Емельян мигом спознал, сколь серьезно дело. Да и коноводы в Берде поняли, что все оборачивается нешутейно. Теперь стало видно, что без него коллегия уклонялась от подмоги отрядам в других местах. Попусту тщились дальние командиры вымолить у Берды людей или пушки для военных нужд, а ежели кто из них самолично наезжал, все одно мало чего добивался. Ульянову, которого прислал Зарубин, яицкие правители ссудили лишь четыре пуда пороха. Торнова же вовсе отпустили ни с чем, а для ублажения окрестили — за усердие! — атаманом и вроде в насмешку предписали собирать людей для Главной армии. И от Давыдова, что прибыл с Бугуруслана, отмахнулись.
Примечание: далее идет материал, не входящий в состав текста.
lemma kl_real_mono:
  assumes "0 < p" "p < 1" "p \<le> q" "q \<le> q'" "q' \<le> 1"
  shows "kl_real q p \<le> kl_real q' p"
proof (rule DERIV_nonneg_imp_increasing_open[OF \<open>q \<le> q'\<close>])
  fix x assume "q < x" "x < q'"
  with assms have x: "p < x" "x < 1" by auto
  have "ln ((1 - x) / (1 - p)) \<le> 0" "0 \<le> ln (x / p)"
    using x assms by auto
  then have "0 \<le> ln (x / p) - ln ((1 - x) / (1 - p))"
    by linarith
  moreover have "((\<lambda>q. kl_real q p) has_real_derivative ln (x / p) - ln ((1 - x) / (1 - p))) (at x)"
    using x assms by (intro has_real_derivative_kl_real) auto
  ultimately show "\<exists>y. ((\<lambda>q. kl_real q p) has_real_derivative y) (at x) \<and> 0 \<le> y"
    by blast
next
  show "continuous_on {q..q'} (\<lambda>q. kl_real q p)"
    using continuous_on_kl_real[OF assms(1,2)] assms by (auto elim: continuous_on_subset)
qed

section \<open>Chernoff bound for independent bounded variables\<close>

lemma exp_mult_le_chord:
  fixes s y :: real
  assumes "0 \<le> s" "0 \<le> y" "y \<le> 1"
  shows "exp (s * y) \<le> 1 + y * (exp s - 1)"
  using convex_onD[OF convex_on_exp[OF assms(1)], of y 0 1] assms by (simp add: algebra_simps)

lemma integral_exp_mult_le_chord:
  fixes f :: "'a \<Rightarrow> real"
  assumes "prob_space M" "f \<in> borel_measurable M" "\<And>z. 0 \<le> f z \<and> f z \<le> 1" "0 \<le> s"
  shows "(\<integral>z. exp (s * f z) \<partial>M) \<le> 1 + (\<integral>z. f z \<partial>M) * (exp s - 1)"
proof -
  interpret prob_space M by fact
  have "integrable M f"
    using assms by (intro integrable_const_bound[where B=1]) auto
  moreover have "integrable M (\<lambda>z. exp (s * f z))"
    using assms by (intro integrable_const_bound[where B="exp s"]) (auto intro!: mult_left_le)
  ultimately have "(\<integral>z. exp (s * f z) \<partial>M) \<le> (\<integral>z. 1 + f z * (exp s - 1) \<partial>M)"
    using assms by (intro integral_mono exp_mult_le_chord) auto
  also have "\<dots> = 1 + (\<integral>z. f z \<partial>M) * (exp s - 1)"
    using \<open>integrable M f\<close> by (simp add: prob_space)
  finally show ?thesis .
qed

lemma prod_le_mean_power:
  fixes a :: "'i \<Rightarrow> real"
  assumes "finite I" "I \<noteq> {}" "\<And>k. k \<in> I \<Longrightarrow> 0 < a k"
  shows "(\<Prod>k\<in>I. a k) \<le> ((\<Sum>k\<in>I. a k) / card I) ^ card I"
proof -
  have card: "0 < card I"
    using assms by (simp add: card_gt_0_iff)
  have mean_pos: "0 < (\<Sum>k\<in>I. a k) / card I"
    using assms card by (intro divide_pos_pos sum_pos) auto
  have "ln (\<Prod>k\<in>I. a k) = (\<Sum>k\<in>I. ln (a k))"
    using assms(3) by (intro ln_prod[OF assms(1)]) force
  also have "\<dots> = card I * (\<Sum>k\<in>I. (1 / card I) * ln (a k))"
    using card by (simp add: sum_divide_distrib[symmetric])
  also have "\<dots> \<le> card I * ln (\<Sum>k\<in>I. (1 / card I) *\<^sub>R a k)"
    using assms card by (intro mult_left_mono concave_on_sum[OF _ _ ln_concave]) auto
  also have "\<dots> = ln (((\<Sum>k\<in>I. a k) / card I) ^ card I)"
    using mean_pos by (simp add: ln_realpow sum_divide_distrib)
  finally show ?thesis
    using assms mean_pos by (simp add: prod_pos)
qed

text \<open>The tilt s minimises exp (- s q) (1 + p (exp s - 1)), the Chernoff bound for one
  Bernoulli(p) sample exceeding q.\<close>
lemma chernoff_optimal_tilt:
  fixes p q :: real and N :: nat
  assumes "0 < p" "p < q" "q < 1"
  defines "s \<equiv> ln (q * (1 - p) / (p * (1 - q)))"
  shows "0 < s" and "exp (- s * (N * q)) * (1 + p * (exp s - 1)) ^ N = exp (- N * kl_real q p)"
proof -
  have exp_s: "exp s = q * (1 - p) / (p * (1 - q))"
    using assms unfolding s_def by simp
  show "0 < s"
    using assms mult_strict_right_mono[of p q "1 - p"] unfolding s_def by (simp add: algebra_simps)
  have "1 + p * (exp s - 1) = (1 - p) / (1 - q)"
    using assms unfolding exp_s by (simp add: field_simps)
  also have "\<dots> ^ N = 1 / exp (N * ln ((1 - q) / (1 - p)))"
    using assms by (simp add: exp_of_nat_mult power_divide)
  finally have "(1 + p * (exp s - 1)) ^ N = 1 / exp (N * ln ((1 - q) / (1 - p)))" .
  moreover have "- s * (N * q) - N * ln ((1 - q) / (1 - p)) = - N * kl_real q p"
  proof -
    have s_split: "s = ln (q / p) - ln ((1 - q) / (1 - p))"
      using assms unfolding s_def by (simp add: ln_div ln_mult)
    show ?thesis
      unfolding kl_real_def s_split by (simp add: algebra_simps)
  qed
  ultimately show "exp (- s * (N * q)) * (1 + p * (exp s - 1)) ^ N = exp (- N * kl_real q p)"
    by (simp add: exp_diff[symmetric])
qed

lemma integral_PiM_prod:
  fixes f :: "'i \<Rightarrow> 'a \<Rightarrow> real"
  assumes "finite I" "\<And>k. k \<in> I \<Longrightarrow> prob_space (Q k)" "\<And>k. k \<in> I \<Longrightarrow> integrable (Q k) (f k)"
  shows "(\<integral>x. (\<Prod>k\<in>I. f k (x k)) \<partial>PiM I Q) = (\<Prod>k\<in>I. \<integral>z. f k z \<partial>Q k)"
proof -
  \<comment> \<open>product_sigma_finite constrains every factor, so pad the family outside I\<close>
  define Q' where "Q' k = (if k \<in> I then Q k else count_space {undefined})" for k
  interpret Q': prob_space "Q' k" for k
    using assms(2) by (cases "k \<in> I") (auto simp: Q'_def intro!: prob_spaceI)
  interpret product_sigma_finite Q' ..
  have "PiM I Q = PiM I Q'"
    by (rule PiM_cong) (auto simp: Q'_def)
  then show ?thesis
    using product_integral_prod[of I f] assms by (simp add: Q'_def)
qed

locale bounded_product_sum =
  fixes I :: "'i set" and Q :: "'i \<Rightarrow> 'a measure" and g :: "'i \<Rightarrow> 'a \<Rightarrow> real"
  assumes finite_I: "finite I" and I_nonempty: "I \<noteq> {}"
    and prob_space_Q: "\<And>k. k \<in> I \<Longrightarrow> prob_space (Q k)"
    and g_measurable: "\<And>k. k \<in> I \<Longrightarrow> g k \<in> borel_measurable (Q k)"
    and g_bounded: "\<And>k z. k \<in> I \<Longrightarrow> 0 \<le> g k z \<and> g k z \<le> 1"
begin

definition avg :: "('i \<Rightarrow> 'a) \<Rightarrow> real" where
  "avg x = (\<Sum>k\<in>I. g k (x k)) / card I"

definition mean :: real where
  "mean = (\<Sum>k\<in>I. \<integral>z. g k z \<partial>Q k) / card I"

sublocale P: prob_space "PiM I Q"
  using prob_space_Q by (rule prob_space_PiM)

lemma card_I_pos: "0 < card I"
  using finite_I I_nonempty by (simp add: card_gt_0_iff)

lemma component_measurable [measurable]:
  assumes "k \<in> I"
  shows "(\<lambda>x. g k (x k)) \<in> borel_measurable (PiM I Q)"
  by (rule measurable_compose[OF measurable_component_singleton[of k I Q, OF assms] g_measurable[OF assms]])

lemma avg_measurable [measurable]: "avg \<in> borel_measurable (PiM I Q)"
  unfolding avg_def by measurable

lemma integrable_g:
  assumes "k \<in> I"
  shows "integrable (Q k) (g k)"
proof -
  interpret prob_space "Q k" using assms by (rule prob_space_Q)
  show ?thesis
    using assms g_measurable g_bounded by (intro integrable_const_bound[where B=1]) auto
qed

lemma avg_bounded: "0 \<le> avg x \<and> avg x \<le> 1"
proof -
  have "(\<Sum>k\<in>I. g k (x k)) \<le> card I"
    using g_bounded sum_mono[of I "\<lambda>k. g k (x k)" "\<lambda>_. 1"] by simp
  moreover have "0 \<le> (\<Sum>k\<in>I. g k (x k))"
    using g_bounded by (intro sum_nonneg) auto
  ultimately show ?thesis
    unfolding avg_def using card_I_pos by (simp add: pos_divide_le_eq)
qed

lemma integral_g_bounded: "k \<in> I \<Longrightarrow> 0 \<le> (\<integral>z. g k z \<partial>Q k) \<and> (\<integral>z. g k z \<partial>Q k) \<le> 1"
proof -
  assume k: "k \<in> I"
  interpret prob_space "Q k" using k by (rule prob_space_Q)
  show ?thesis
    using g_bounded[OF k] integrable_g[OF k] integral_mono[of "Q k" "g k" "\<lambda>_. 1"]
    by (auto simp: prob_space)
qed

lemma mean_bounded: "0 \<le> mean \<and> mean \<le> 1"
proof -
  have "(\<Sum>k\<in>I. \<integral>z. g k z \<partial>Q k) \<le> card I"
    using integral_g_bounded sum_mono[of I "\<lambda>k. \<integral>z. g k z \<partial>Q k" "\<lambda>_. 1"] by simp
  moreover have "0 \<le> (\<Sum>k\<in>I. \<integral>z. g k z \<partial>Q k)"
    using integral_g_bounded by (intro sum_nonneg) auto
  ultimately show ?thesis
    unfolding mean_def using card_I_pos by (simp add: pos_divide_le_eq)
qed

lemma integral_avg: "(\<integral>x. avg x \<partial>PiM I Q) = mean"
proof -
  have "(\<integral>x. g k (x k) \<partial>PiM I Q) = (\<integral>z. g k z \<partial>Q k)" if "k \<in> I" for k
  proof -
    have "(\<integral>x. g k (x k) \<partial>PiM I Q) = (\<integral>z. g k z \<partial>distr (PiM I Q) (Q k) (\<lambda>x. x k))"
      using that g_measurable by (simp add: integral_distr)
    then show ?thesis
      using that prob_space_Q by (simp add: distr_PiM_component)
  qed
  moreover have "integrable (PiM I Q) (\<lambda>x. g k (x k))" if "k \<in> I" for k
    using that g_bounded by (intro P.integrable_const_bound[where B=1]) auto
  ultimately show ?thesis
    unfolding avg_def mean_def by simp
qed

lemma integral_one_minus:
  assumes "k \<in> I"
  shows "(\<integral>z. 1 - g k z \<partial>Q k) = 1 - (\<integral>z. g k z \<partial>Q k)"
proof -
  interpret prob_space "Q k" using assms by (rule prob_space_Q)
  show ?thesis
    using integrable_g[OF assms] by (simp add: prob_space)
qed

lemma bounded_product_sum_one_minus: "bounded_product_sum I Q (\<lambda>k z. 1 - g k z)"
  using finite_I I_nonempty prob_space_Q g_measurable g_bounded
  by (intro bounded_product_sum.intro borel_measurable_diff borel_measurable_const) auto

lemma prob_sum_ge_le:
  assumes "0 < s"
  shows "P.prob {x \<in> space (PiM I Q). c \<le> (\<Sum>k\<in>I. g k (x k))}
           \<le> exp (- s * c) * (\<Prod>k\<in>I. 1 + (\<integral>z. g k z \<partial>Q k) * (exp s - 1))"
proof -
  have exp_sum: "exp (s * (\<Sum>k\<in>I. g k (x k))) = (\<Prod>k\<in>I. exp (s * g k (x k)))" for x
    using finite_I by (simp add: sum_distrib_left exp_sum)
  have "norm (exp (s * (\<Sum>k\<in>I. g k (x k)))) \<le> exp (s * card I)" for x
    using assms g_bounded sum_mono[of I "\<lambda>k. g k (x k)" "\<lambda>_. 1"] by simp
  then have integrable: "integrable (PiM I Q) (\<lambda>x. exp (s * (\<Sum>k\<in>I. g k (x k))))"
    by (intro P.integrable_const_bound[where B = "exp (s * card I)"]) auto
  then have "set_integrable (PiM I Q) (space (PiM I Q)) (\<lambda>x. exp (s * (\<Sum>k\<in>I. g k (x k))))"
    unfolding set_integrable_def by (intro integrable_mult_indicator) auto
  then have "P.prob {x \<in> space (PiM I Q). c \<le> (\<Sum>k\<in>I. g k (x k))}
      \<le> exp (- s * c) * (\<integral>x\<in>space (PiM I Q). exp (s * (\<Sum>k\<in>I. g k (x k))) \<partial>PiM I Q)"
    by (rule P.Chernoff_ineq_ge[OF assms]) simp
  also have "(\<integral>x\<in>space (PiM I Q). exp (s * (\<Sum>k\<in>I. g k (x k))) \<partial>PiM I Q)
      = (\<integral>x. exp (s * (\<Sum>k\<in>I. g k (x k))) \<partial>PiM I Q)"
    using integrable by (rule set_integral_space)
  also have "(\<integral>x. exp (s * (\<Sum>k\<in>I. g k (x k))) \<partial>PiM I Q) = (\<Prod>k\<in>I. \<integral>z. exp (s * g k z) \<partial>Q k)"
    unfolding exp_sum using finite_I prob_space_Q
  proof (rule integral_PiM_prod)
    fix k assume "k \<in> I"
    then interpret prob_space "Q k" by (rule prob_space_Q)
    show "integrable (Q k) (\<lambda>z. exp (s * g k z))"
      using \<open>k \<in> I\<close> g_measurable g_bounded assms
      by (intro integrable_const_bound[where B="exp s"]) (auto intro!: mult_left_le)
  qed
  also have "\<dots> \<le> (\<Prod>k\<in>I. 1 + (\<integral>z. g k z \<partial>Q k) * (exp s - 1))"
    using prob_space_Q g_measurable g_bounded assms
    by (intro prod_mono conjI integral_exp_mult_le_chord Bochner_Integration.integral_nonneg) auto
  finally show ?thesis
    by (simp add: mult_left_mono)
qed
definition inf_bar :: "'s::order ext set \<Rightarrow> 's ext" where
  "inf_bar B = (THE s. s \<in> Sbar \<and> (\<forall>b\<in>B. ext_le s b) \<and>
                        (\<forall>t\<in>Sbar. (\<forall>b\<in>B. ext_le t b) \<longrightarrow> ext_le t s))"

definition maps_to_bar :: "'x set \<Rightarrow> ('x \<Rightarrow> 's::order ext) \<Rightarrow> bool" where
  "maps_to_bar X \<phi> \<longleftrightarrow> (\<forall>x\<in>X. \<phi> x \<in> Sbar)"

definition Hbar_class ::
  "('h, 'b) monoid_scheme \<Rightarrow> ('h \<Rightarrow> 'g) \<Rightarrow> 'x set \<Rightarrow> ('h \<Rightarrow> 'x \<Rightarrow> 'x)
     \<Rightarrow> ('g \<Rightarrow> 's::order \<Rightarrow> 's) \<Rightarrow> ('x \<Rightarrow> 's ext) set" where
  "Hbar_class H hh X act actS = {\<phi>. maps_to_bar X \<phi> \<and>
     (\<forall>h\<in>carrier H. \<forall>x\<in>X. \<phi> (act h x) = ext_act actS (hh h) (\<phi> x))}"

definition Hle_class ::
  "('h, 'b) monoid_scheme \<Rightarrow> ('h \<Rightarrow> 'g) \<Rightarrow> 'x set \<Rightarrow> ('h \<Rightarrow> 'x \<Rightarrow> 'x)
     \<Rightarrow> ('g \<Rightarrow> 's::order \<Rightarrow> 's) \<Rightarrow> ('x \<Rightarrow> 's ext) set" where
  "Hle_class H hh X act actS = {\<phi>. maps_to_bar X \<phi> \<and>
     (\<forall>h\<in>carrier H. \<forall>x\<in>X. ext_le (\<phi> (act h x)) (ext_act actS (hh h) (\<phi> x)))}"
definition Dminus :: "(complex \<Rightarrow> ncseries) \<Rightarrow> complex \<Rightarrow> ncseries" where
  "Dminus F z = (\<lambda>w. F z w - F (z - 1) w)"

end

theory Submission
  imports Defs "HOL-Computational_Algebra.Formal_Power_Series"
begin

text \<open>Only the coefficient of a word k # ws in the product with the linear series survives, so
  the theorem says that z-differencing zeta(ws @ [k] | -) multiplies by -(z-1)^k.
  The depth recursion is linear in its lower-depth values, hence commutes with z-differencing,
  and by induction everything reduces to two identities for Bernoulli polynomials:
  B_n(x+1) - B_n(x) = n x^(n-1) and, in depth two, the fact that the recursion applied to the
  powers y^m returns -y^k B_(r+1)(y+1)/(r+1). Both follow from the generating function
  t/(e^t - 1) of the Bernoulli numbers, together with the vanishing of odd B_n for n > 1.\<close>

declare bernoulli_num.simps [simp del]

lemma bernoulli_num_0 [simp]: "bernoulli_num 0 = 1"
  by (simp add: bernoulli_num.simps)

lemma bernoulli_num_1 [simp]: "bernoulli_num 1 = - 1 / 2"
  by (simp add: bernoulli_num.simps)

lemma sum_binomial_bernoulli_num:
  assumes "n \<ge> 2"
  shows "(\<Sum>k<n. of_nat (n choose k) * bernoulli_num k) = 0"
proof -
  obtain m where m: "n = Suc m" "m \<ge> 1" using assms by (cases n) auto
  have rec: "bernoulli_num m = - (\<Sum>k<m. of_nat (n choose k) * bernoulli_num k) / of_nat n"
    using m by (subst bernoulli_num.simps) simp
  have "(\<Sum>k<n. of_nat (n choose k) * bernoulli_num k)
      = (\<Sum>k<m. of_nat (n choose k) * bernoulli_num k) + of_nat n * bernoulli_num m"
    using m by simp
  also have "\<dots> = 0" unfolding rec by (simp add: m(1) del: of_nat_Suc)
  finally show ?thesis .
qed

definition bernoulli_fps :: "complex fps" where
  "bernoulli_fps = Abs_fps (\<lambda>n. bernoulli_num n / fact n)"

lemma bernoulli_fps_times_exp_minus_1: "bernoulli_fps * (fps_exp 1 - 1) = fps_X"
proof (rule fps_ext)
  fix n
  show "fps_nth (bernoulli_fps * (fps_exp 1 - 1)) n = fps_nth fps_X n"
  proof (cases "n \<ge> 2")
    case True
    have "fps_nth (bernoulli_fps * (fps_exp 1 - 1)) n
        = (\<Sum>i=0..n. bernoulli_num i / fact i * (if n - i = 0 then 0 else 1 / fact (n - i)))"
      by (simp add: fps_mult_nth bernoulli_fps_def) (rule sum.cong, auto)
    also have "\<dots> = (\<Sum>i<n. bernoulli_num i / fact i * (1 / fact (n - i)))"
      by (rule sum.mono_neutral_cong_right) auto
    also have "\<dots> = (\<Sum>i<n. of_nat (n choose i) * bernoulli_num i) / fact n"
      unfolding sum_divide_distrib by (rule sum.cong) (auto simp: binomial_fact)
    also have "\<dots> = 0" using sum_binomial_bernoulli_num[OF True] by simp
    finally show ?thesis using True by simp
  next
    case False
    then have "n = 0 \<or> n = 1" by auto
    then show ?thesis by (auto simp: bernoulli_fps_def fps_mult_nth)
  qed
qed

lemma fps_exp_1_minus_1_nonzero: "fps_exp 1 - 1 \<noteq> (0 :: complex fps)"
proof
  assume "fps_exp 1 - 1 = (0 :: complex fps)"
  then have "fps_nth (fps_exp 1 - 1) 1 = (0 :: complex)" by simp
  then show False by simp
qed

text \<open>B(-t) = t e^t/(e^t - 1) = B(t) + t.\<close>
lemma bernoulli_fps_reflect: "bernoulli_fps oo (- fps_X) = bernoulli_fps + fps_X"
proof -
  let ?R = "bernoulli_fps oo (- fps_X)"
  have reflected: "?R * (fps_exp (-1) - 1) = - fps_X"
    using arg_cong[OF bernoulli_fps_times_exp_minus_1, of "\<lambda>F. F oo (- fps_X)"]
    by (simp add: fps_compose_mult_distrib fps_compose_sub_distrib)
  have exp_inverse: "fps_exp (-1) * fps_exp 1 = (1 :: complex fps)"
    by (simp flip: fps_exp_add_mult)
  have "?R * (fps_exp 1 - 1) = - (?R * (fps_exp (-1) * fps_exp 1 - fps_exp 1))"
    unfolding exp_inverse by (simp add: algebra_simps)
  also have "\<dots> = - (?R * (fps_exp (-1) - 1) * fps_exp 1)"
    by (simp add: algebra_simps)
  finally have "?R * (fps_exp 1 - 1) = fps_X * fps_exp 1"
    unfolding reflected by simp
  then have "(?R - bernoulli_fps) * (fps_exp 1 - 1) = fps_X * (fps_exp 1 - 1)"
    using bernoulli_fps_times_exp_minus_1 by (simp add: algebra_simps)
  then have "?R - bernoulli_fps = fps_X" using fps_exp_1_minus_1_nonzero by simp
  then show ?thesis by (simp add: diff_eq_eq add.commute)
qed

lemma bernoulli_num_odd_eq_0:
  assumes "odd n" "n \<noteq> 1"
  shows "bernoulli_num n = 0"
proof -
  have "fps_nth (bernoulli_fps oo (- fps_X)) n = fps_nth (bernoulli_fps + fps_X) n"
    by (simp only: bernoulli_fps_reflect)
  then have "- (bernoulli_num n / fact n) = bernoulli_num n / fact n"
    using assms by (simp add: fps_compose_uminus' bernoulli_fps_def)
  then show ?thesis by simp
qed

lemma bernpoly_eq_fps_nth: "bernpoly n x = fact n * fps_nth (bernoulli_fps * fps_exp x) n"
proof -
  have "fps_nth (bernoulli_fps * fps_exp x) n
      = (\<Sum>i=0..n. bernoulli_num i / fact i * (x ^ (n - i) / fact (n - i)))"
    by (simp add: fps_mult_nth bernoulli_fps_def)
  also have "\<dots> = (\<Sum>i\<le>n. of_nat (n choose i) * bernoulli_num i * x ^ (n - i)) / fact n"
    unfolding sum_divide_distrib atLeast0AtMost
    by (rule sum.cong) (auto simp: binomial_fact)
  finally show ?thesis by (simp add: bernpoly_def)
qed

lemma bernpoly_plus_1_diff:
  assumes "n \<ge> 1"
  shows "bernpoly n (x + 1) - bernpoly n x = of_nat n * x ^ (n - 1)"
proof -
  have "bernoulli_fps * fps_exp (x + 1) - bernoulli_fps * fps_exp x
      = bernoulli_fps * (fps_exp 1 - 1) * fps_exp x"
    by (simp add: fps_exp_add_mult algebra_simps)
  then have shift: "bernoulli_fps * fps_exp (x + 1) - bernoulli_fps * fps_exp x = fps_X * fps_exp x"
    by (simp only: bernoulli_fps_times_exp_minus_1)
  have "bernpoly n (x + 1) - bernpoly n x
      = fact n * fps_nth (bernoulli_fps * fps_exp (x + 1) - bernoulli_fps * fps_exp x) n"
    by (simp add: bernpoly_eq_fps_nth algebra_simps)
  also have "\<dots> = fact n * (x ^ (n - 1) / fact (n - 1))"
    unfolding shift using assms by (cases n) (auto simp: fps_X_mult_nth)
  also have "\<dots> = of_nat n * x ^ (n - 1)"
    using assms by (cases n) (auto simp: field_simps)
  finally show ?thesis .
qed

lemma bernpoly_Suc_expand:
  "bernpoly (Suc n) y = y ^ Suc n + of_nat (Suc n) * bernoulli_num 1 * y ^ n
     + (\<Sum>q\<in>{1..n}. of_nat (Suc n choose Suc q) * bernoulli_num (Suc q) * y ^ (n - q))"
proof -
  have "{..n} = insert 0 {1..n}" by auto
  then have "(\<Sum>i\<le>n. of_nat (Suc n choose Suc i) * bernoulli_num (Suc i) * y ^ (Suc n - Suc i))
      = of_nat (Suc n) * bernoulli_num 1 * y ^ n
        + (\<Sum>q\<in>{1..n}. of_nat (Suc n choose Suc q) * bernoulli_num (Suc q) * y ^ (n - q))"
    by simp
  then show ?thesis
    unfolding bernpoly_def
    by (subst sum.atMost_Suc_shift) (simp del: binomial_Suc_Suc add: add.assoc)
qed

definition mzeta_coeff :: "nat \<Rightarrow> nat \<Rightarrow> complex" where
  "mzeta_coeff r q = pochhammer (- of_nat r) q * bernoulli_num (Suc q) / fact (Suc q)"

lemma mzeta_coeff_eq_binomial:
  assumes "1 \<le> q" "q \<le> r"
  shows "- mzeta_coeff r q = of_nat (Suc r choose Suc q) * bernoulli_num (Suc q) / of_nat (Suc r)"
proof -
  have poch: "pochhammer (- of_nat r) q = (-1) ^ q * fact q * (of_nat (r choose q) :: complex)"
    by (simp add: binomial_gbinomial gbinomial_pochhammer)
  have sign: "(-1) ^ Suc q * bernoulli_num (Suc q) = bernoulli_num (Suc q)"
    using bernoulli_num_odd_eq_0[of "Suc q"] assms by (cases "even q") auto
  have "of_nat (Suc r choose Suc q) * (of_nat (Suc q) :: complex) = of_nat (Suc r) * of_nat (r choose q)"
    using Suc_times_binomial[of q r] by (metis of_nat_mult mult.commute)
  then have binom: "of_nat (Suc r choose Suc q)
      = of_nat (Suc r) * of_nat (r choose q) / (of_nat (Suc q) :: complex)"
    by (simp add: eq_divide_eq del: of_nat_Suc)
  have "- mzeta_coeff r q
      = ((-1) ^ Suc q * bernoulli_num (Suc q)) * of_nat (r choose q) / of_nat (Suc q)"
    unfolding mzeta_coeff_def poch fact_Suc
    by (simp add: field_simps del: of_nat_Suc fact_Suc)
  also have "\<dots> = of_nat (Suc r choose Suc q) * bernoulli_num (Suc q) / of_nat (Suc r)"
    unfolding sign binom by (simp add: field_simps del: of_nat_Suc)
  finally show ?thesis .
qed
lemma is_face_polP_iff: "is_face (polP :: (real^'n) set) F \<longleftrightarrow> F \<noteq> {} \<and> F face_of polP"
proof
  assume "is_face polP F"
  then show "F \<noteq> {} \<and> F face_of polP"
    unfolding is_face_def
    using face_of_refl[OF convex_polP] face_of_Int_supporting_hyperplane_le[OF convex_polP] by blast
next
  assume F: "F \<noteq> {} \<and> F face_of polP"
  then have "F exposed_face_of polP"
    using exposed_face_of_polyhedron[OF polyhedron_polP] by blast
  then show "is_face polP F"
    using F unfolding exposed_face_of_def is_face_def by blast
qed

lemma proper_open_face_iff:
  "proper_open_face (G :: (real^'n) set) \<longleftrightarrow>
     (\<exists>F. F face_of polP \<and> F \<noteq> {} \<and> F \<noteq> polP \<and> G = rel_interior F)"
  unfolding proper_open_face_def is_face_polP_iff by blast

lemma finite_proper_open_faces: "finite {G :: (real^'n) set. proper_open_face G}"
proof -
  have "{G :: (real^'n) set. proper_open_face G} \<subseteq> rel_interior ` {F. F face_of polP}"
    unfolding proper_open_face_iff by blast
  then show ?thesis
    using finite_polyhedron_faces[OF polyhedron_polP] finite_subset by blast
qed

lemma proper_open_face_nonempty: "proper_open_face (G :: (real^'n) set) \<Longrightarrow> G \<noteq> {}"
  unfolding proper_open_face_iff using rel_interior_eq_empty face_of_imp_convex by blast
Вот и потеряны многие города, потому что не об общем благе пеклись казаки, а о себе да об Яике.
Когда же объявил Емельян про женитьбу, собрав ближайших сподвижников, то заметил, как неравно приняли они эту весть. Отнюдь не все возрадовались. Творогов с Чумаковым да Митька Лысов переглянулись довольные, старик же Витошнов и Яким Давилин, да и Кинзя Арсланов с Подуровым, Горшков с Мясниковым, глаза в землю уставя, ничего не ответили. «Чем же вы так оскорбились? — подумал Емельян обеспокоенно. — Мне ведь старики в Яике присоветовали».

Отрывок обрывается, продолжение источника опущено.